WORK ITEM: Two lines mark the range in the entries below: the one holding "proof eventually_elim" and the one holding "then show ?case". Set down those two and all lines between them, exactly.
= Beginning of Section =
text \<open>Only strong differentiability of \<open>M\<close> is assumed; the uniform bound on \<open>M s\<close>
  stands in for continuity in operator norm.\<close>

lemma has_vector_derivative_apply_family:
  fixes M :: "real \<Rightarrow> 'a::real_normed_vector \<Rightarrow> 'b::real_normed_vector"
  assumes bound: "\<And>s v. s \<in> S \<Longrightarrow> norm (M s v) \<le> B * norm v"
    and lin: "\<And>s. s \<in> S \<Longrightarrow> linear (M s)"
    and M': "\<And>v. ((\<lambda>s. M s v) has_vector_derivative M' v) (at t within S)"
    and u': "(u has_vector_derivative u') (at t within S)"
  shows "((\<lambda>s. M s (u s)) has_vector_derivative M' (u t) + M t u') (at t within S)"
  unfolding has_vector_derivative_iff_quotient
proof -
  have in_S: "\<forall>\<^sub>F s in at t within S. s \<in> S"
    by (simp add: eventually_at_filter)
  have "\<forall>\<^sub>F s in at t within S. \<forall>v. norm (M s v) \<le> B * norm v"
    using in_S by (rule eventually_mono) (simp add: bound)
  moreover have "((\<lambda>s. (u s - u t) /\<^sub>R (s - t) - u') \<longlongrightarrow> 0) (at t within S)"
    using u' unfolding has_vector_derivative_iff_quotient by (rule LIM_zero)
  ultimately have "((\<lambda>s. M s ((u s - u t) /\<^sub>R (s - t) - u')) \<longlongrightarrow> 0) (at t within S)"
    by (rule tendsto_zero_apply_bounded_family)
  moreover have "((\<lambda>s. M s u') \<longlongrightarrow> M t u') (at t within S)"
    using has_vector_derivative_continuous[OF M'] by (simp add: continuous_within)
  moreover have "((\<lambda>s. (M s (u t) - M t (u t)) /\<^sub>R (s - t)) \<longlongrightarrow> M' (u t)) (at t within S)"
    using M' unfolding has_vector_derivative_iff_quotient .
  ultimately have "((\<lambda>s. M s ((u s - u t) /\<^sub>R (s - t) - u') + M s u'
      + (M s (u t) - M t (u t)) /\<^sub>R (s - t)) \<longlongrightarrow> 0 + M t u' + M' (u t)) (at t within S)"
    by (intro tendsto_add)
  moreover have "\<forall>\<^sub>F s in at t within S. M s ((u s - u t) /\<^sub>R (s - t) - u') + M s u'
      + (M s (u t) - M t (u t)) /\<^sub>R (s - t) = (M s (u s) - M t (u t)) /\<^sub>R (s - t)"
    using in_S
  proof eventually_elim
    case (elim s)
    then have "M s ((u s - u t) /\<^sub>R (s - t) - u') = (M s (u s) - M s (u t)) /\<^sub>R (s - t) - M s u'"
      using lin by (simp add: linear_diff linear_scale)
    then show ?case
      by (simp add: scaleR_diff_right)
  qed
  ultimately show "((\<lambda>s. (M s (u s) - M t (u t)) /\<^sub>R (s - t)) \<longlongrightarrow> M' (u t) + M t u') (at t within S)"
    by (simp add: Lim_transform_eventually add.commute)
qed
= End of Section =
WORKED SOLUTION:
  proof eventually_elim
    case (elim s)
    then have "M s ((u s - u t) /\<^sub>R (s - t) - u') = (M s (u s) - M s (u t)) /\<^sub>R (s - t) - M s u'"
      using lin by (simp add: linear_diff linear_scale)
    then show ?case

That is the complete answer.